### ACTIVITY:
Reproduce the records below exactly, with nothing altered.

------------------------------

(* Let $L$ be a multisorted algebra in the positive quantifier-free signature with equality satisfying axioms (1), (2), (3), (11), (12), (13). Let $F$ be a prime filter on sort $n$ of $L$. Let $F_1,\dots,F_n$ be symbols such that $F_i=F_j$ if and only if $\Delta^n_{i,j}\in F$, and let $W=\{F_1,\dots,F_n\}$. Define $\varphi\colon L\to A(W)$ on each sort $k$ by: for each substitution $\alpha\colon k\to n$, $\alpha^{\mathrm{tuple}}(F_1,\dots,F_n)\in\varphi(r)$ if and only if $\alpha(r)\in F$. Then $\varphi$ is (well defined and) a morphism of positive quantifier-free algebras with equality.
   Context: Signature. There is a sort $n$ for each $n\ge0$. For every function $\alpha\colon\{1,\dots,n\}\to\{1,\dots,k\}$ there is a unary function symbol ("substitution") $\alpha\colon n\to k$ (argument of sort $n$, value of sort $k$). Each sort has constants $0,1$ and binary $\vee,\wedge$; for each $n$ and $1\le i,j\le n$ there is a constant $\Delta^n_{i,j}$ of sort $n$. This is the positive quantifier-free signature with equality. For $\alpha\colon k\to n$, $\beta\colon n\to m$, $\beta\circ\alpha$ is the substitution symbol of the composite function. For a set $W$: $\alpha^{\mathrm{tuple}}(x_1,\dots,x_k)=(x_{\alpha(1)},\dots,x_{\alpha(n)})$, $\alpha^{\mathrm{relation}}(r)=\{\bar x\in W^k:\alpha^{\mathrm{tuple}}(\bar x)\in r\}$. The positive quantifier-free algebra with equality $A(W)$ interprets sort $n$ as $\mathcal P(W^n)$, $\alpha$ as $\alpha^{\mathrm{relation}}$, $0,1,\vee,\wedge$ as $\emptyset,W^n,\cup,\cap$, and $\Delta^n_{i,j}=\{(x_1,\dots,x_n)\in W^n: x_i=x_j\}$. $x\le y$ means $x=x\wedge y$. Axioms: (1) each sort is a bounded distributive lattice; (2) substitutions preserve $0,1,\vee,\wedge$; (3) $(\beta\circ\alpha)(r)=\beta(\alpha(r))$; (11) $\Delta^n_{i,i}=1$, $\Delta^n_{i,j}=\Delta^n_{j,i}$, $\Delta^n_{i,j}\wedge\Delta^n_{j,k}\le\Delta^n_{i,k}$; (12) for substitutions $\alpha,\beta\colon k\to n$ and all $r$ of sort $k$: $\alpha(r)\wedge\bigwedge_{l=1}^k\Delta^n_{\alpha(l),\beta(l)}=\beta(r)\wedge\bigwedge_{l=1}^k\Delta^n_{\alpha(l),\beta(l)}$; (13) for each substitution $\alpha\colon k\to n$: $\alpha(\Delta^k_{i,j})=\Delta^n_{\alpha(i),\alpha(j)}$. A prime filter is a proper, nonempty, upward-closed, $\wedge$-closed subset of a sort with $x\vee y\in F\Rightarrow x\in F$ or $y\in F$. *)

theory Defs
  imports "HOL-Library.FuncSet"
begin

------------------------------

### TASK RESPONSE:
(* Let $L$ be a multisorted algebra in the positive quantifier-free signature with equality satisfying axioms (1), (2), (3), (11), (12), (13). Let $F$ be a prime filter on sort $n$ of $L$. Let $F_1,\dots,F_n$ be symbols such that $F_i=F_j$ if and only if $\Delta^n_{i,j}\in F$, and let $W=\{F_1,\dots,F_n\}$. Define $\varphi\colon L\to A(W)$ on each sort $k$ by: for each substitution $\alpha\colon k\to n$, $\alpha^{\mathrm{tuple}}(F_1,\dots,F_n)\in\varphi(r)$ if and only if $\alpha(r)\in F$. Then $\varphi$ is (well defined and) a morphism of positive quantifier-free algebras with equality.
   Context: Signature. There is a sort $n$ for each $n\ge0$. For every function $\alpha\colon\{1,\dots,n\}\to\{1,\dots,k\}$ there is a unary function symbol ("substitution") $\alpha\colon n\to k$ (argument of sort $n$, value of sort $k$). Each sort has constants $0,1$ and binary $\vee,\wedge$; for each $n$ and $1\le i,j\le n$ there is a constant $\Delta^n_{i,j}$ of sort $n$. This is the positive quantifier-free signature with equality. For $\alpha\colon k\to n$, $\beta\colon n\to m$, $\beta\circ\alpha$ is the substitution symbol of the composite function. For a set $W$: $\alpha^{\mathrm{tuple}}(x_1,\dots,x_k)=(x_{\alpha(1)},\dots,x_{\alpha(n)})$, $\alpha^{\mathrm{relation}}(r)=\{\bar x\in W^k:\alpha^{\mathrm{tuple}}(\bar x)\in r\}$. The positive quantifier-free algebra with equality $A(W)$ interprets sort $n$ as $\mathcal P(W^n)$, $\alpha$ as $\alpha^{\mathrm{relation}}$, $0,1,\vee,\wedge$ as $\emptyset,W^n,\cup,\cap$, and $\Delta^n_{i,j}=\{(x_1,\dots,x_n)\in W^n: x_i=x_j\}$. $x\le y$ means $x=x\wedge y$. Axioms: (1) each sort is a bounded distributive lattice; (2) substitutions preserve $0,1,\vee,\wedge$; (3) $(\beta\circ\alpha)(r)=\beta(\alpha(r))$; (11) $\Delta^n_{i,i}=1$, $\Delta^n_{i,j}=\Delta^n_{j,i}$, $\Delta^n_{i,j}\wedge\Delta^n_{j,k}\le\Delta^n_{i,k}$; (12) for substitutions $\alpha,\beta\colon k\to n$ and all $r$ of sort $k$: $\alpha(r)\wedge\bigwedge_{l=1}^k\Delta^n_{\alpha(l),\beta(l)}=\beta(r)\wedge\bigwedge_{l=1}^k\Delta^n_{\alpha(l),\beta(l)}$; (13) for each substitution $\alpha\colon k\to n$: $\alpha(\Delta^k_{i,j})=\Delta^n_{\alpha(i),\alpha(j)}$. A prime filter is a proper, nonempty, upward-closed, $\wedge$-closed subset of a sort with $x\vee y\in F\Rightarrow x\in F$ or $y\in F$. *)

theory Defs
  imports "HOL-Library.FuncSet"
begin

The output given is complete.